12. Комплекс Иисуса прямо противостоит «марксизму». «Марксизм» как порождение ненависти к себе воспрещал мне вступать в любой клуб, который согласится считать меня своим членом. Комплекс Иисуса также препятствовал моему членству, но теперь это происходило потому, что я был полон возвышенной любви к самому себе, он говорил, что я не принят в данный клуб только из-за того, что я слишком не такой, как все. Большинство клубов, являясь предприятием незрелым, естественно, не могут оценить людей великих, мудрых и чувствительных, которые потому обречены топтаться у входа или быть изгоняемыми своими подругами. О моем превосходстве в первую очередь свидетельствовало мое одиночество и мое страдание: «Я страдаю, значит, я не такой, как все. Меня не понимают, но именно потому, что я заслуживаю лучшего понимания».

13. Алхимия превращения слабости в добродетель заслуживает снисхождения хотя бы из-за того, что она отменяет ненависть к себе, – и эта эволюция моей боли по направлению к комплексу Иисуса, конечно, содержала в себе какие-то начатки душевного здоровья.
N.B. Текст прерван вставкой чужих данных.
lemma restrict_extend:
  assumes "1 \<le> n" "\<mu> \<in> mv_assignments n"
  shows "restrict_mv (Suc n) (extend n \<mu> x) = \<mu>"
  using assms creases_less[OF assms(1)] mv_assignments_not_crease[OF assms(2)]
  unfolding restrict_mv_def by (auto simp: extend_below)

lemma restrict_locally_valid:
  assumes "1 \<le> n" "locally_valid (Suc n) \<mu>"
  shows "locally_valid n (restrict_mv (Suc n) \<mu>)"
proof -
  have mv: "\<mu> \<in> mv_assignments (Suc n)"
    and valid: "\<forall>k\<in>{1..n}. valid_vertex (\<mu> (3*k-3)) (\<mu> (3*k-1)) (\<mu> (3*k)) (\<mu> (3*k+1))"
    using assms(2) by (auto simp: locally_valid_iff)
  have "restrict_mv (Suc n) \<mu> \<in> mv_assignments n"
    using mv unfolding mv_assignments_def restrict_mv_def creases_Suc[OF assms(1)] by auto
  moreover have "valid_vertex (restrict_mv (Suc n) \<mu> (3*k-3)) (restrict_mv (Suc n) \<mu> (3*k-1))
      (restrict_mv (Suc n) \<mu> (3*k)) (restrict_mv (Suc n) \<mu> (3*k+1))" if "k \<in> {1..n-1}" for k
  proof -
    have "k \<in> {1..n}"
      using that by auto
    with valid vertex_creases_mem[OF that] show ?thesis
      by (simp add: restrict_mv_def)
  qed
  ultimately show ?thesis
    unfolding locally_valid_iff by simp
qed

lemma extend_restrict:
  assumes "1 \<le> n" "locally_valid (Suc n) \<mu>"
  shows "extend n (restrict_mv (Suc n) \<mu>) (odd_crease \<mu> n) = \<mu>"
proof
  fix e
  have mv: "\<mu> \<in> mv_assignments (Suc n)"
    and valid: "valid_vertex (\<mu> (3*n-3)) (\<mu> (3*n-1)) (\<mu> (3*n)) (\<mu> (3*n+1))"
    using assms by (auto simp: locally_valid_iff)
  have left: "restrict_mv (Suc n) \<mu> (3*n-3) = \<mu> (3*n-3)"
    using left_crease_mem[OF assms(1) order_refl] by (simp add: restrict_mv_def)
  have "{\<mu> (3*n-3), \<mu> (3*n-1), \<mu> (3*n), \<mu> (3*n+1)} \<subseteq> {1, -1}"
    using mv_assignments_crease[OF mv] vertex_creases_mem[of n "Suc n"] assms(1) by auto
  note vertex = valid_vertex_values[OF valid this]
  show "extend n (restrict_mv (Suc n) \<mu>) (odd_crease \<mu> n) e = \<mu> e"
  proof (cases "e \<in> {3*n-1, 3*n, 3*n+1}")
    case True
    then consider "e = 3*n-1" | "e = 3*n" | "e = 3*n+1"
      by blast
    then show ?thesis
      by cases (simp_all only: extend_vertex[OF assms(1)] left vertex)
  next
    case False
    then have "e \<notin> creases n \<Longrightarrow> e \<notin> creases (Suc n)"
      by (simp add: creases_Suc[OF assms(1)])
    with False mv_assignments_not_crease[OF mv] show ?thesis
      unfolding extend_def restrict_mv_def by auto
  qed
qed

lemma card_odd_crease_Suc:
  assumes "1 \<le> n" "x < 3"
  shows "card {\<mu>. locally_valid (Suc n) \<mu> \<and> odd_crease \<mu> n = x \<and> P \<mu>} =
    card {\<mu>. locally_valid n \<mu> \<and> P (extend n \<mu> x)}"
proof (rule bij_betw_same_card[of "restrict_mv (Suc n)"],
    rule bij_betw_byWitness[where f' = "\<lambda>\<mu>. extend n \<mu> x"])
  show "\<forall>\<mu>\<in>{\<mu>. locally_valid (Suc n) \<mu> \<and> odd_crease \<mu> n = x \<and> P \<mu>}.
      extend n (restrict_mv (Suc n) \<mu>) x = \<mu>"
    using extend_restrict[OF assms(1)] by auto
  show "\<forall>\<mu>\<in>{\<mu>. locally_valid n \<mu> \<and> P (extend n \<mu> x)}. restrict_mv (Suc n) (extend n \<mu> x) = \<mu>"
    using restrict_extend[OF assms(1)] by (auto simp: locally_valid_iff)
  show "restrict_mv (Suc n) ` {\<mu>. locally_valid (Suc n) \<mu> \<and> odd_crease \<mu> n = x \<and> P \<mu>}
      \<subseteq> {\<mu>. locally_valid n \<mu> \<and> P (extend n \<mu> x)}"
    using restrict_locally_valid[OF assms(1)] extend_restrict[OF assms(1)] by auto
  show "(\<lambda>\<mu>. extend n \<mu> x) ` {\<mu>. locally_valid n \<mu> \<and> P (extend n \<mu> x)}
      \<subseteq> {\<mu>. locally_valid (Suc n) \<mu> \<and> odd_crease \<mu> n = x \<and> P \<mu>}"
    using extend_locally_valid[OF assms(1) _ assms(2)] odd_crease_extend(1)[OF assms(1) _ assms(2)]
    by (auto simp: locally_valid_iff)
qed

lemma card_split_odd_crease:
  "card {\<mu>. locally_valid n \<mu> \<and> P \<mu>} =
    (\<Sum>y<3. card {\<mu>. locally_valid n \<mu> \<and> odd_crease \<mu> k = y \<and> P \<mu>})"
proof -
  have split: "{\<mu>. locally_valid n \<mu> \<and> P \<mu>} =
      (\<Union>y<3. {\<mu>. locally_valid n \<mu> \<and> odd_crease \<mu> k = y \<and> P \<mu>})"
    using odd_crease_less_3 by blast
  show ?thesis
    unfolding split by (rule card_UN_disjoint) (auto intro: finite_locally_valid)
qed

lemma nflip_extend:
  assumes "1 \<le> n" "locally_valid n \<mu>" "x < 3"
  shows "nflip (Suc n) (extend n \<mu> x) =
    nflip n \<mu> + (if x = 1 then 2 else of_bool (2 \<le> n \<and> odd_crease \<mu> (n-1) = 2 - x))"
proof -
  have mv: "\<mu> \<in> mv_assignments n"
    using assms(2) by (simp add: locally_valid_iff)
  show ?thesis
    unfolding nflip_eq_flip_count[OF extend_locally_valid[OF assms]]
      nflip_eq_flip_count[OF assms(2)]
    using assms(1,3) odd_crease_extend[OF assms(1) mv assms(3)] by (intro flip_count_Suc) auto
qed

lemma blue_iff_odd_crease:
  assumes "2 \<le> n" "locally_valid n \<mu>"
  shows "blue n \<mu> \<longleftrightarrow> odd_crease \<mu> (n-1) = 1"
proof -
  obtain m where n: "n = Suc m" and m: "1 \<le> m"
    using assms(1) by (cases n) auto
  let ?r = "restrict_mv n \<mu>" and ?x = "odd_crease \<mu> m"
  have "nflip n \<mu> = nflip (Suc m) (extend m ?r ?x)"
    unfolding n extend_restrict[OF m assms(2)[unfolded n]] ..
  also have "\<dots> =
      nflip m ?r + (if ?x = 1 then 2 else of_bool (2 \<le> m \<and> odd_crease ?r (m-1) = 2 - ?x))"
    using nflip_extend[OF m restrict_locally_valid[OF m] odd_crease_less_3] assms(2) n by simp
  finally show ?thesis
    unfolding blue_def using n m by auto
qed

definition vcount_last :: "nat \<Rightarrow> nat \<Rightarrow> int \<Rightarrow> int" where
  "vcount_last n y d =
     int (card {\<mu>. locally_valid n \<mu> \<and> odd_crease \<mu> (n-1) = y \<and> int (nflip n \<mu>) = d})"

lemma vcount_eq_sum_last: "vcount n d = (\<Sum>y<3. vcount_last n y d)"
  unfolding vcount_def vcount_last_def by (subst card_split_odd_crease[where k = "n-1"]) simp

lemma bcount_eq_last:
  assumes "2 \<le> n"
  shows "bcount n d = vcount_last n 1 d"
proof -
  have "{\<mu>. locally_valid n \<mu> \<and> int (nflip n \<mu>) = d \<and> blue n \<mu>} =
      {\<mu>. locally_valid n \<mu> \<and> odd_crease \<mu> (n-1) = 1 \<and> int (nflip n \<mu>) = d}"
    using blue_iff_odd_crease[OF assms] by blast
  then show ?thesis
    unfolding bcount_def vcount_last_def by simp
qed

lemma vcount_last_Suc:
  assumes "1 \<le> n" "x < 3"
  shows "vcount_last (Suc n) x d =
    int (card {\<mu>. locally_valid n \<mu> \<and> int (nflip (Suc n) (extend n \<mu> x)) = d})"
  unfolding vcount_last_def using card_odd_crease_Suc[OF assms] by simp

lemma vcount_last_Suc_right:
  assumes "1 \<le> n"
  shows "vcount_last (Suc n) 1 d = vcount n (d - 2)"
proof -
  have "vcount_last (Suc n) 1 d =
      int (card {\<mu>. locally_valid n \<mu> \<and> int (nflip (Suc n) (extend n \<mu> 1)) = d})"
    using vcount_last_Suc[OF assms, of 1] by simp
  also have "\<dots> = int (card {\<mu>. locally_valid n \<mu> \<and> int (nflip n \<mu>) = d - 2})"
    using nflip_extend[OF assms, of _ 1] by (intro arg_cong[where f = "\<lambda>A. int (card A)"]) auto
  finally show ?thesis
    unfolding vcount_def .
qed

lemma vcount_last_Suc_vertical:
  assumes "2 \<le> n" "x \<in> {0, 2}"
  shows "vcount_last (Suc n) x d =
    vcount_last n x d + vcount_last n 1 d + vcount_last n (2 - x) (d - 1)"
proof -
  have n: "1 \<le> n" and x: "x < 3" "x \<noteq> 1"
    using assms by auto
  have gain: "int (nflip (Suc n) (extend n \<mu> x)) =
      int (nflip n \<mu>) + of_bool (odd_crease \<mu> (n-1) = 2 - x)"
    if "locally_valid n \<mu>" for \<mu>
    using nflip_extend[OF n that x(1)] assms(1) x(2) by simp
  have fibre: "{\<mu>. locally_valid n \<mu> \<and> odd_crease \<mu> (n-1) = y \<and>
        int (nflip (Suc n) (extend n \<mu> x)) = d} =
      {\<mu>. locally_valid n \<mu> \<and> odd_crease \<mu> (n-1) = y \<and>
        int (nflip n \<mu>) = d - of_bool (y = 2 - x)}" for y
    using gain by force
  have "vcount_last (Suc n) x d = (\<Sum>y<3. vcount_last n y (d - of_bool (y = 2 - x)))"
    unfolding vcount_last_Suc[OF n x(1)]
    by (subst card_split_odd_crease[where k = "n-1"]) (simp only: fibre vcount_last_def of_nat_sum)
  also have "\<dots> = vcount_last n x d + vcount_last n 1 d + vcount_last n (2 - x) (d - 1)"
    using assms(2) by (auto simp: eval_nat_numeral)
  finally show ?thesis .
qed

lemma bcount_Suc:
  assumes "1 \<le> n"
  shows "bcount (Suc n) d = vcount n (d - 2)"
  using bcount_eq_last[of "Suc n"] vcount_last_Suc_right[OF assms] assms by simp

lemma vcount_Suc:
  assumes "2 \<le> n"
  shows "vcount (Suc n) d = vcount n d + wcount n (d - 1) + vcount n (d - 2) + bcount n d"
proof -
  let ?v = "vcount_last n"
  have "vcount (Suc n) d = (\<Sum>x<3. vcount_last (Suc n) x d)"
    by (rule vcount_eq_sum_last)
  also have "\<dots> =
      (?v 0 d + ?v 1 d + ?v 2 (d - 1)) + vcount n (d - 2) + (?v 2 d + ?v 1 d + ?v 0 (d - 1))"
    using vcount_last_Suc_vertical[OF assms, of 0] vcount_last_Suc_vertical[OF assms, of 2]
      vcount_last_Suc_right[of n] assms
    by (simp add: eval_nat_numeral)
  also have "\<dots> = vcount n d + wcount n (d - 1) + vcount n (d - 2) + bcount n d"
    using vcount_eq_sum_last[of n] bcount_eq_last[OF assms]
    by (simp add: wcount_def eval_nat_numeral)
  finally show ?thesis .
qed

theorem proposition4p10:
  fixes n :: nat and d :: int
  assumes "n \<ge> 3"
  shows "bcount n d = vcount (n-1) (d-2)
       \<and> wcount n d = vcount (n-1) d + wcount (n-1) (d-1) + vcount (n-2) (d-2)
       \<and> vcount n d = vcount (n-1) d + wcount (n-1) (d-1) + vcount (n-1) (d-2) + vcount (n-2) (d-2)"
proof -
  have n: "Suc (n-1) = n" "Suc (n-2) = n-1"
    using assms by arith+
  have "bcount n d = vcount (n-1) (d-2)"
    using bcount_Suc[of "n-1" d] assms n by simp
  moreover have "bcount (n-1) d = vcount (n-2) (d-2)"
    using bcount_Suc[of "n-2" d] assms n by simp
  moreover have
    "vcount n d = vcount (n-1) d + wcount (n-1) (d-1) + vcount (n-1) (d-2) + bcount (n-1) d"
    using vcount_Suc[of "n-1" d] assms n by simp
  ultimately show ?thesis
    unfolding wcount_def by simp
qed

end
Она показала, что в тонком душевном балансе между ненавистью и любовью к себе в данный момент перевешивала любовь. Моя первая реакция на то, что Хлоя оттолкнула меня, была продиктована ненавистью к себе: я продолжал любить Хлою и ненавидеть себя за то, что не могу вернуть прежние отношения. Но мой комплекс Иисуса переставил уравнение с ног на голову, сделав из отказа Хлои знак того, что она достойна презрения или в лучшем случае сострадания (этой вершины христианских добродетелей). Комплекс Иисуса был не чем иным, как механизмом самозащиты: я не хотел, чтобы Хлоя оставила меня, мое чувство к ней было сильнее, чем все то, что я когда-либо испытывал по отношению к женщине, но теперь, когда она улетела в Калифорнию, единственная возможность смириться с невыносимой утратой заключалась, прежде всего, в том, чтобы заново определить ее ценность. Конечно, это была ложь, но нам порой не хватает сил на честность, когда, оставленные и лишенные надежды, мы проводим Рождество в полном одиночестве в гостинице, слушая доносящиеся из-за стены звуки, издаваемые в блаженном состоянии оргазма.